Aurela and Ketoja (2002) studied the diffusion of volatile compounds in fiber networks by experimental determination and modeling using random walk simulation, which is based on the porosity of the paper sample and the diffusion speed through the pores—assumed to be the diffusion constant in free air. The compounds were volatile solvents, such as ethanol and butyl acetate. The experimental and modeled effective Dpaper values matched and were in the range of approximately E-7 m2/s (E-3 cm2/s) at ambient temperature. The estimate of effective diffusion constants was based only on that of the compound present in free air. Laine et al. (2016) added a term describing sorption to a one-dimensional diffusion equation to simulate migration into MPPO through cardboard in indirect contact and solely through air. The simulated data fitted well with experimental data on migration into MPPO during an indirect contact in an air-filled chamber and after permeation through cardboard using MOSH and MOAH surrogates.
Serebrennikova et al. (2022) described the transport by partial differential equations for transporting within the gas phase of the pores in the paper coupled to those describing the sorption process. The transport processes are determined by complex interactions. Diffusion coefficients and sorption constants cannot be easily derived from experiments but by fitting the parameters of the model to the experimental data (solution of an inverse problem). The example was the diffusion of dimethyl sulfoxide in a stack of paper (23°C, 50% rH), measured at four time points and spatially dissolved in five paper sheets.
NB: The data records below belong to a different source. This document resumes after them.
(* Let $\alpha\in(1,\infty)\setminus\mathbb{N}$ and let $M_{0,\alpha}(X^n,P)=\sum_{x\in\mathcal{X}}p_x^{\alpha}I(F_x(X^n)=0)$. Then $$\sup_P E\big[(M_{0,\alpha}(X^n,P))^2\big]\le_n O\big(1/n^{2(\alpha-1)}\big),$$ the supremum being over all discrete distributions $P$.
   Context: $P$ is a discrete probability distribution on a countable alphabet $\mathcal{X}$, $p_x=P(x)$, and $X^n=(X_1,\ldots,X_n)$ are i.i.d. samples from $P$. $F_x(X^n)=\sum_{i=1}^n I(X_i=x)$ is the number of occurrences of $x$ in $X^n$, and $I(\cdot)$ is the indicator. For nonnegative sequences, $a_n\le_n b_n$ means $a_n\le b_n+o(b_n)$ as $n\to\infty$. *)

theory Defs
  imports "HOL-Probability.Probability"
begin

definition iid_samples :: "nat \<Rightarrow> 'a pmf \<Rightarrow> (nat \<Rightarrow> 'a) pmf" where
  "iid_samples n P = Pi_pmf {..<n} undefined (\<lambda>_. P)"

definition occ :: "nat \<Rightarrow> (nat \<Rightarrow> 'a) \<Rightarrow> 'a \<Rightarrow> nat" where
  "occ n xs x = card {i \<in> {..<n}. xs i = x}"

definition M0 :: "real \<Rightarrow> nat \<Rightarrow> 'a pmf \<Rightarrow> (nat \<Rightarrow> 'a) \<Rightarrow> real" where
  "M0 \<alpha> n P xs = (\<Sum>\<^sub>\<infinity>x\<in>UNIV. pmf P x powr \<alpha> * (if occ n xs x = 0 then 1 else 0))"

end

theory Submission
  imports Defs
begin

text \<open>
  With \<open>\<gamma> = 2(\<alpha> - 1)\<close> and \<open>U\<^sub>x = I(F\<^sub>x = 0)\<close>, write \<open>M\<^sub>0 = \<Sum>\<^sub>x w\<^sub>x b\<^sub>x\<close> with weights
  \<open>w\<^sub>x = p\<^sub>x U\<^sub>x\<close> of total mass at most 1 and \<open>b\<^sub>x = p\<^sub>x powr (\<alpha> - 1)\<close>. Jensen's inequality gives
  \<open>M\<^sub>0\<^sup>2 \<le> \<Sum>\<^sub>x w\<^sub>x b\<^sub>x\<^sup>2 = \<Sum>\<^sub>x p\<^sub>x powr (\<gamma> + 1) U\<^sub>x\<close>. Since \<open>P(F\<^sub>x = 0) = (1 - p\<^sub>x)\<^sup>n\<close>, taking expectations
  yields \<open>E[M\<^sub>0\<^sup>2] \<le> \<Sum>\<^sub>x p\<^sub>x \<cdot> p\<^sub>x powr \<gamma> (1 - p\<^sub>x)\<^sup>n\<close>, and uniformly in \<open>p\<close> we have
  \<open>p powr \<gamma> (1 - p)\<^sup>n \<le> p powr \<gamma> exp (-n p) \<le> (\<gamma>/n) powr \<gamma>\<close>; hence \<open>E[M\<^sub>0\<^sup>2] \<le> (\<gamma>/n) powr \<gamma>\<close> for every \<open>P\<close>.
\<close>

lemma powr_le_powr_self_mult_exp:
  fixes t g :: real
  assumes "t \<ge> 0" "g > 0"
  shows "t powr g \<le> g powr g * exp t"
proof -
  have "t / g \<le> exp (t / g)" using exp_ge_add_one_self[of "t / g"] by linarith
  hence "(t / g) powr g \<le> exp (t / g) powr g"
    using assms by (intro powr_mono2) auto
  also have "\<dots> = exp t" using assms by (simp add: powr_def)
  finally show ?thesis using assms by (simp add: powr_divide field_simps)
qed

lemma powr_mult_one_minus_power_le:
  fixes p g :: real
  assumes "0 \<le> p" "p \<le> 1" "g > 0" "n > 0"
  shows "p powr g * (1 - p) ^ n \<le> (g / n) powr g"
proof -
  have "(1 - p) ^ n \<le> exp (- p) ^ n"
    using assms exp_ge_add_one_self[of "- p"] by (intro power_mono) auto
  also have "\<dots> = exp (- (n * p))" by (simp add: exp_of_nat_mult[symmetric])
  finally have decay: "(1 - p) ^ n \<le> exp (- (n * p))" .
  have "p powr g = (n * p) powr g / n powr g"
    using assms by (simp add: powr_mult)
  also have "\<dots> \<le> g powr g * exp (n * p) / n powr g"
    using assms by (intro divide_right_mono powr_le_powr_self_mult_exp) auto
  finally have "p powr g * (1 - p) ^ n \<le> (g powr g * exp (n * p) / n powr g) * exp (- (n * p))"
    using decay assms by (intro mult_mono) auto
  also have "\<dots> = (g / n) powr g"
    using assms by (simp add: exp_minus powr_divide field_simps)
  finally show ?thesis .
qed

lemma powr_add_one:
  fixes p a :: real
  assumes "0 \<le> p" "a > 0"
  shows "p powr (a + 1) = p * p powr a"
  using assms by (cases "p = 0") (auto simp: powr_add)

lemma pmf_summable_on: "pmf P summable_on A"
  using abs_summable_equivalent abs_summable_summable pmf_abs_summable by blast

lemma infsum_pmf_UNIV: "(\<Sum>\<^sub>\<infinity>x\<in>UNIV. pmf P x) = 1"
  by (metis infsetsum_infsum[OF pmf_abs_summable] infsetsum_pmf_eq_1[of P UNIV] subset_UNIV)

lemma summable_on_le_pmf:
  fixes f :: "'a \<Rightarrow> real"
  assumes "\<And>x. 0 \<le> f x" "\<And>x. f x \<le> c * pmf P x"
  shows "f summable_on UNIV"
  using assms
  by (intro summable_on_comparison_test[OF summable_on_cmult_right[OF pmf_summable_on]]) auto

text \<open>Jensen's inequality: sum the AM-GM bound \<open>b m \<le> (b\<^sup>2 + m\<^sup>2)/2\<close>, where \<open>m = \<Sum> w b\<close>,
  against \<open>w\<close>.\<close>
lemma infsum_weighted_square_le:
  fixes w b :: "'a \<Rightarrow> real"
  assumes w_nonneg: "\<And>x. 0 \<le> w x" and w_sum: "w summable_on A" "infsum w A \<le> 1"
    and wb_sum: "(\<lambda>x. w x * b x) summable_on A"
    and wb2_sum: "(\<lambda>x. w x * (b x)\<^sup>2) summable_on A"
  shows "(\<Sum>\<^sub>\<infinity>x\<in>A. w x * b x)\<^sup>2 \<le> (\<Sum>\<^sub>\<infinity>x\<in>A. w x * (b x)\<^sup>2)"
proof -
  define m where "m = (\<Sum>\<^sub>\<infinity>x\<in>A. w x * b x)"
  define G where "G = (\<Sum>\<^sub>\<infinity>x\<in>A. w x * (b x)\<^sup>2)"
  have sum1: "(\<lambda>x. (1/2) * (w x * (b x)\<^sup>2)) summable_on A"
    using wb2_sum by (rule summable_on_cmult_right)
  have sum2: "(\<lambda>x. (m * m / 2) * w x) summable_on A"
    using w_sum(1) by (rule summable_on_cmult_right)
  have "m * m = (\<Sum>\<^sub>\<infinity>x\<in>A. w x * b x * m)"
    unfolding m_def by (rule infsum_cmult_left'[symmetric])
  also have "\<dots> \<le> (\<Sum>\<^sub>\<infinity>x\<in>A. (1/2) * (w x * (b x)\<^sup>2) + (m * m / 2) * w x)"
  proof (rule infsum_mono)
    show "(\<lambda>x. w x * b x * m) summable_on A" using wb_sum by (rule summable_on_cmult_left)
    show "(\<lambda>x. (1/2) * (w x * (b x)\<^sup>2) + (m * m / 2) * w x) summable_on A"
      using sum1 sum2 by (rule summable_on_add)
    fix x
    have "b x * m \<le> ((b x)\<^sup>2 + m * m) / 2"
      using sum_squares_ge_zero[of "b x - m" 0] by (simp add: power2_eq_square algebra_simps)
    hence "w x * (b x * m) \<le> w x * (((b x)\<^sup>2 + m * m) / 2)"
      using w_nonneg[of x] by (intro mult_left_mono) auto
    thus "w x * b x * m \<le> (1/2) * (w x * (b x)\<^sup>2) + (m * m / 2) * w x"
      by (simp add: algebra_simps add_divide_distrib)
  qed
  also have "\<dots> = G / 2 + (m * m / 2) * infsum w A"
    unfolding infsum_add[OF sum1 sum2] infsum_cmult_right' G_def by simp
  also have "\<dots> \<le> G / 2 + m * m / 2"
    using w_sum(2) by (intro add_left_mono) (simp add: mult_left_le)
  finally show ?thesis unfolding m_def G_def by (simp add: power2_eq_square)
qed

lemma M0_square_le:
  fixes \<alpha> :: real
  assumes "\<alpha> > 1"
  shows "(M0 \<alpha> n P xs)\<^sup>2 \<le> (\<Sum>\<^sub>\<infinity>x\<in>UNIV. pmf P x powr (2 * \<alpha> - 1) * (if occ n xs x = 0 then 1 else 0))"
proof -
  define I where "I x = (if occ n xs x = 0 then 1 else 0 :: real)" for x
  define w where "w x = pmf P x * I x" for x
  define b where "b x = pmf P x powr (\<alpha> - 1)" for x
  have w_bounds: "0 \<le> w x" "w x \<le> pmf P x" for x
    unfolding w_def I_def by auto
  have b_bounds: "0 \<le> b x" "b x \<le> 1" for x
    unfolding b_def using assms by (auto simp: powr_le1 pmf_le_1)
  have wb: "pmf P x powr \<alpha> * I x = w x * b x" for x
    using powr_add_one[of "pmf P x" "\<alpha> - 1"] assms unfolding w_def b_def by simp
  have wb2: "pmf P x powr (2 * \<alpha> - 1) * I x = w x * (b x)\<^sup>2" for x
  proof -
    have "(b x)\<^sup>2 = pmf P x powr (2 * \<alpha> - 2)"
      unfolding b_def by (simp add: power2_eq_square powr_add[symmetric])
    moreover have "pmf P x powr (2 * \<alpha> - 1) = pmf P x * pmf P x powr (2 * \<alpha> - 2)"
      using powr_add_one[of "pmf P x" "2 * \<alpha> - 2"] assms by simp
    ultimately show ?thesis unfolding w_def by simp
  qed
  have bounded_by_w: "0 \<le> w x * c \<and> w x * c \<le> 1 * pmf P x" if "0 \<le> c" "c \<le> 1" for x c
    using w_bounds[of x] that by (auto intro: order_trans[OF mult_right_le_one_le])
  have w_sum: "w summable_on UNIV"
    using w_bounds by (intro summable_on_le_pmf[where c = 1 and P = P]) auto
  have "infsum w UNIV \<le> infsum (pmf P) UNIV"
    using w_bounds by (intro infsum_mono w_sum pmf_summable_on)
  hence "infsum w UNIV \<le> 1" by (simp add: infsum_pmf_UNIV)
  moreover have "(\<lambda>x. w x * b x) summable_on UNIV"
    using bounded_by_w[OF b_bounds] by (intro summable_on_le_pmf[where c = 1 and P = P]) auto
  moreover have "(\<lambda>x. w x * (b x)\<^sup>2) summable_on UNIV"
    using bounded_by_w b_bounds by (intro summable_on_le_pmf[where c = 1 and P = P]) (auto simp: power_le_one)
  ultimately have "(\<Sum>\<^sub>\<infinity>x\<in>UNIV. w x * b x)\<^sup>2 \<le> (\<Sum>\<^sub>\<infinity>x\<in>UNIV. w x * (b x)\<^sup>2)"
    using w_bounds(1) w_sum by (intro infsum_weighted_square_le)
  thus ?thesis unfolding M0_def I_def[symmetric] wb wb2 .
qed

lemma nn_integral_infsum_swap:
  fixes g :: "'b \<Rightarrow> 'a :: countable \<Rightarrow> real"
  assumes "sigma_finite_measure M"
    and meas: "\<And>x. (\<lambda>y. g y x) \<in> borel_measurable M"
    and nonneg: "\<And>y x. 0 \<le> g y x" and summable: "\<And>y. g y summable_on UNIV"
  shows "(\<integral>\<^sup>+y. ennreal (\<Sum>\<^sub>\<infinity>x\<in>UNIV. g y x) \<partial>M)
           = (\<integral>\<^sup>+x. (\<integral>\<^sup>+y. ennreal (g y x) \<partial>M) \<partial>count_space UNIV)"
proof -
  interpret pair_sigma_finite "count_space UNIV :: 'a measure" M
    using assms(1) by (intro pair_sigma_finite.intro sigma_finite_measure_count_space_countable) auto
  have "ennreal (\<Sum>\<^sub>\<infinity>x\<in>UNIV. g y x) = (\<integral>\<^sup>+x. ennreal (g y x) \<partial>count_space UNIV)" for y
  proof -
    have "Infinite_Sum.abs_summable_on (g y) UNIV"
      using summable[of y] nonneg by (simp add: abs_of_nonneg)
    hence "Infinite_Set_Sum.abs_summable_on (g y) UNIV"
      using abs_summable_equivalent by blast
    thus ?thesis using nonneg by (simp add: nn_integral_conv_infsetsum infsetsum_infsum)
  qed
  moreover have "(\<lambda>(x, y). ennreal (g y x)) \<in> borel_measurable (count_space UNIV \<Otimes>\<^sub>M M)"
  proof -
    have "(\<lambda>z. ennreal (g (snd z) x)) \<in> borel_measurable (count_space UNIV \<Otimes>\<^sub>M M)" for x
      using meas[of x] by (intro measurable_compose[OF measurable_snd]) simp
    hence "(\<lambda>z. ennreal (g (snd z) (fst z))) \<in> borel_measurable (count_space UNIV \<Otimes>\<^sub>M M)"
      by (rule measurable_compose_countable) (simp add: measurable_fst'')
    thus ?thesis by (simp add: case_prod_beta')
  qed
  ultimately show ?thesis by (simp add: Fubini')
qed

lemma prob_occ_eq_0:
  "measure_pmf.prob (iid_samples n P) {xs. occ n xs x = 0} = (1 - pmf P x) ^ n"
proof -
  have "{xs. occ n xs x = 0} = Pi {..<n} (\<lambda>_. UNIV - {x})"
    by (auto simp: occ_def)
  moreover have "measure_pmf.prob P (UNIV - {x}) = 1 - pmf P x"
    using measure_pmf.prob_compl[of "{x}" P] by (simp add: measure_pmf_single)
  ultimately show ?thesis unfolding iid_samples_def
    by (simp add: measure_Pi_pmf_Pi)
qed

lemma nn_integral_infsum_unseen:
  fixes f :: "'a :: countable \<Rightarrow> real"
  assumes nonneg: "\<And>x. 0 \<le> f x" and summable: "f summable_on UNIV"
  shows "(\<integral>\<^sup>+xs. ennreal (\<Sum>\<^sub>\<infinity>x\<in>UNIV. f x * (if occ n xs x = 0 then 1 else 0)) \<partial>iid_samples n P)
           = (\<integral>\<^sup>+x. ennreal (f x * (1 - pmf P x) ^ n) \<partial>count_space UNIV)"
proof -
  have "(\<lambda>x. f x * (if occ n xs x = 0 then 1 else 0)) summable_on UNIV" for xs
    using nonneg by (intro summable_on_comparison_test[OF summable]) auto
  hence "(\<integral>\<^sup>+xs. ennreal (\<Sum>\<^sub>\<infinity>x\<in>UNIV. f x * (if occ n xs x = 0 then 1 else 0)) \<partial>iid_samples n P)
      = (\<integral>\<^sup>+x. (\<integral>\<^sup>+xs. ennreal (f x) * indicator {xs. occ n xs x = 0} xs \<partial>iid_samples n P) \<partial>count_space UNIV)"
    using nonneg prob_space_imp_sigma_finite[OF prob_space_measure_pmf]
    by (subst nn_integral_infsum_swap) (auto simp: indicator_def intro!: nn_integral_cong)
  also have "\<dots> = (\<integral>\<^sup>+x. ennreal (f x * (1 - pmf P x) ^ n) \<partial>count_space UNIV)"
    using nonneg by (simp add: nn_integral_cmult_indicator measure_pmf.emeasure_eq_measure
                               prob_occ_eq_0 ennreal_mult pmf_le_1)
  finally show ?thesis .
qed

lemma expectation_M0_square_le:
  fixes \<alpha> :: real and P :: "'a :: countable pmf"
  assumes "\<alpha> > 1" "n > 0"
  shows "measure_pmf.expectation (iid_samples n P) (\<lambda>xs. (M0 \<alpha> n P xs)\<^sup>2)
           \<le> (2 * (\<alpha> - 1) / n) powr (2 * (\<alpha> - 1))"
proof -
  define \<gamma> where "\<gamma> = 2 * (\<alpha> - 1)"
  define K where "K = (\<gamma> / n) powr \<gamma>"
  have \<gamma>_pos: "\<gamma> > 0" using assms unfolding \<gamma>_def by simp
  have K_nonneg: "K \<ge> 0" unfolding K_def by simp
  have exponent: "2 * \<alpha> - 1 = \<gamma> + 1" unfolding \<gamma>_def by simp
  have "pmf P x powr (2 * \<alpha> - 1) \<le> pmf P x" for x
    using assms powr_le_one_le[of "pmf P x"] by (cases "pmf P x = 0") (auto simp: pmf_le_1)
  hence summable: "(\<lambda>x. pmf P x powr (2 * \<alpha> - 1)) summable_on UNIV"
    by (intro summable_on_le_pmf[where c = 1 and P = P]) auto
  have "(\<integral>\<^sup>+xs. ennreal ((M0 \<alpha> n P xs)\<^sup>2) \<partial>iid_samples n P)
      \<le> (\<integral>\<^sup>+xs. ennreal (\<Sum>\<^sub>\<infinity>x\<in>UNIV. pmf P x powr (2 * \<alpha> - 1) * (if occ n xs x = 0 then 1 else 0))
            \<partial>iid_samples n P)"
    using M0_square_le[OF assms(1)] by (intro nn_integral_mono ennreal_leI)
  also have "\<dots> = (\<integral>\<^sup>+x. ennreal (pmf P x powr (2 * \<alpha> - 1) * (1 - pmf P x) ^ n) \<partial>count_space UNIV)"
    using summable by (intro nn_integral_infsum_unseen) auto
  also have "\<dots> \<le> (\<integral>\<^sup>+x. ennreal K * ennreal (pmf P x) \<partial>count_space UNIV)"
  proof (intro nn_integral_mono)
    fix x
    have "pmf P x powr (2 * \<alpha> - 1) * (1 - pmf P x) ^ n
        = pmf P x * (pmf P x powr \<gamma> * (1 - pmf P x) ^ n)"
      unfolding exponent powr_add_one[OF pmf_nonneg \<gamma>_pos] by (rule mult.assoc)
    also have "\<dots> \<le> pmf P x * K"
      unfolding K_def using \<gamma>_pos assms(2)
      by (intro mult_left_mono powr_mult_one_minus_power_le) (auto simp: pmf_le_1)
    finally show "ennreal (pmf P x powr (2 * \<alpha> - 1) * (1 - pmf P x) ^ n) \<le> ennreal K * ennreal (pmf P x)"
      using K_nonneg by (simp add: ennreal_mult[symmetric] mult.commute ennreal_leI)
  qed
  also have "\<dots> = ennreal K"
    by (simp add: nn_integral_cmult nn_integral_pmf measure_pmf.emeasure_space_1)
  finally have "(\<integral>\<^sup>+xs. ennreal ((M0 \<alpha> n P xs)\<^sup>2) \<partial>iid_samples n P) \<le> ennreal K" .
  hence "enn2real (\<integral>\<^sup>+xs. ennreal ((M0 \<alpha> n P xs)\<^sup>2) \<partial>iid_samples n P) \<le> enn2real (ennreal K)"
    by (rule enn2real_mono) simp
  thus ?thesis using K_nonneg unfolding K_def \<gamma>_def by (simp add: integral_eq_nn_integral)
qed

theorem lemma3:
  fixes \<alpha> :: real
  assumes "\<alpha> > 1" and "\<alpha> \<notin> \<nat>"
  shows "\<exists>C N. \<forall>n \<ge> N. \<forall>P :: 'a :: countable pmf.
           measure_pmf.expectation (iid_samples n P) (\<lambda>xs. (M0 \<alpha> n P xs)\<^sup>2)
             \<le> C / real n powr (2 * (\<alpha> - 1))"
proof (intro exI allI impI)
  fix n :: nat and P :: "'a pmf"
  assume "n \<ge> 1"
  with assms(1) show "measure_pmf.expectation (iid_samples n P) (\<lambda>xs. (M0 \<alpha> n P xs)\<^sup>2)
      \<le> (2 * (\<alpha> - 1)) powr (2 * (\<alpha> - 1)) / real n powr (2 * (\<alpha> - 1))"
    using expectation_M0_square_le[of \<alpha> n P] by (simp add: powr_divide)
qed

end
For solving the complex differential equations (derived from models for water vapor transport), fitting to the experimental data, and obtaining the parameters, they used physics-informed neural networks (PINNs) and successfully compared with finite element methods. In Serebrennikova et al. (2024), the dimethyl sulfoxide experiment (polar component), extended to 12 weeks, and another one with tetradecane (non-polar) were compared with five different mathematical models, which were evaluated by PINN. Three of them were based on Fick’s law of diffusion, with and without a specific term for sorption and desorption. In addition, pseudo-first-order adsorption and second-order reversible sorption models were included. The Fickian behavior models did not fit the data. The best fit was observed for a pseudo-first-order adsorption model (without desorption from the fiber); however, a further search for a suitable function was called for. In general, the authors concluded that PINNs represent a versatile mathematical tool either to validate or to refute the capability of theoretical models to describe experimental data.
5.4 Partition coefficients
Although mainly the diffusion processes and estimation of diffusion coefficients Dpaper are addressed for the migration modeling, access to other crucial parameter—the partition coefficient Kpaper/food—is also limited. The partition coefficients describe the concentration ratio (mass/volume) in the equilibrium. For volatiles, a promising approach determines the partition coefficients of paper and food or MPPO versus air. From the quotient of both, the partition coefficients Kpaper/food can be derived. Haack (2006) determined the adsorption isotherms of the volatile model substances such as hexanol and others into paper material (at 40°C–120°C), as well as into the foodstuff chocolate, cookies, and pasta—including MPPO as food simulant at 100°C—and calculated partition coefficients from the data. For hexanol, butyl acrylate, nonanal, and diphenyl oxide, Kpaper/food values for the three foods ranged from 0.03 to 0.88 and Kpaper/MPPO for MPPO from 0.02 to 0.08, being strongly on the food side. For butanol, Kpaper/food was between 1 and 4.3 for foods and Kpaper/MPPO was 3.3. Overall, these data demonstrate the high or at least comparable adsorptive properties of MPPO versus dry foods. These K values largely overlapped with those obtained by curve fitting of migration kinetics within FAIR-CT98-4318 (Raffael and Simoneau, 2002; Castle and Franz, 2003). Triantafyllou et al. (2005) determined partition coefficients of additional substances between paper and air at 70°C and 100°C. Migration kinetics at these temperatures into Tenax (Triantafyllou et al., 2002) and semolina, instant baby cream, and milk powder (Triantafyllou et al., 2007) up to equilibrium are reported from this group; however, partition coefficients were not calculated.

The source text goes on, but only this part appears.